[Beowulf] Strange hardware? problems

Orion Poplawski orion at cora.nwra.com
Mon Apr 30 14:50:39 PDT 2007

Mark Hahn wrote:
> they blow up consistently on multiple 244's?  might all the 244's have 
> the same potentially flawed cooling/heasink-compound/powersupply/etc?  

Well, they are identical, so yes.

> are you saying there's something _similar_ between the 244s and the 275s?

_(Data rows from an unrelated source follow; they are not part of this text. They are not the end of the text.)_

(* For every mixed graph $G$ without directed cycles, $\mathrm{cw}_{\mathrm m}(G)\le\mathrm{nd}_{\mathrm m}(G)+1$. Further, $\mathrm{cw}_{\mathrm m}$ does not bound $\mathrm{nd}_{\mathrm m}$.
   Context: A mixed graph $G$ consists of a finite vertex set $V(G)$, a set $E(G)$ of undirected edges and a set $A(G)$ of directed arcs; it is simple and contains no directed cycle. $N^+(v)$, $N^-(v)$, $N^{\mathrm u}(v)$ denote out-, in- and undirected neighbors. Vertices $u,v$ have the same mixed type if $N^{\mathrm u}(u)\setminus\{v\}=N^{\mathrm u}(v)\setminus\{u\}$, $N^-(u)=N^-(v)$, $N^+(u)=N^+(v)$; $\mathrm{nd}_{\mathrm m}(G)$ is the number of mixed types. The mixed cliquewidth $\mathrm{cw}_{\mathrm m}(G)$ is the minimum number of labels needed to construct $G$ using: create a new vertex with label $i$; disjoint union; $\eta_{i,j}$ ($i\ne j$): add an edge between every vertex labeled $i$ and every vertex labeled $j$; $\alpha_{i,j}$ ($i\ne j$): add an arc from every vertex labeled $i$ to every vertex labeled $j$; $\rho_{i\to j}$: rename label $i$ to $j$. A parameter $\alpha$ bounds $\beta$ if there is a computable $f$ with $\beta(G)\le f(\alpha(G))$ for all $G$ (here: all mixed graphs without directed cycles). *)

theory Defs
  imports Main
begin

text \<open>A mixed graph is a triple (V, E, A): vertex set V, undirected edges E given as a
symmetric relation (both (u,v) and (v,u) are present for an edge uv), and arcs A
((u,v) is an arc from u to v).\<close>

type_synonym 'a mgraph = "'a set \<times> ('a \<times> 'a) set \<times> ('a \<times> 'a) set"

definition mverts :: "'a mgraph \<Rightarrow> 'a set" where "mverts G = fst G"
definition medges :: "'a mgraph \<Rightarrow> ('a \<times> 'a) set" where "medges G = fst (snd G)"
definition marcs :: "'a mgraph \<Rightarrow> ('a \<times> 'a) set" where "marcs G = snd (snd G)"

Nope, but both 244 machines behave the same as the two 275s.  So I don't 
really suspect a problem with a particular memory chip on a particular 
machine for example.

> is your ram ECC (and enabled as such in bios, preferably with scrub 
> enabled)?

Yup, w/scrubbing.

> if ECC, have you run mcelog?

Yup.  Nothing

>> We've tried FC4/5 on the 244 machines.  At one point all were running 
>> identical FC5 installs with the same problems.
> why do you think the problem is software?

I'm very confused at this point.

>> Problem is not exactly reproducible unfortunately.  It will crash at 
>> different times in the simulations, but they will crash at some point 
>> with the length of runs we are doing.
> sounds like heat/power to me.

Possible, but the machines are actually fairly lightly used with our 
model tests - just one processor.  sensors reports CPU temps <= 40C

  >> Are there any cpu tests out there that would check the accuracy of
>> various calculations?
> you don't mean accuracy, do you?  like some subtle problem with 
> low-order bits?
> I tend to use HPL for this kind of test - it's not to hard to tune it to 
> use however much memory you want, and to run for as long as you want.  
> it's not
> the ultimate memory-grinder, but it's pretty intense.

I do mean accuracy, and not necessarily subtle - things blow up bad. 
Perform some set of calculations over and over and error if it doesn't 
give the expected result.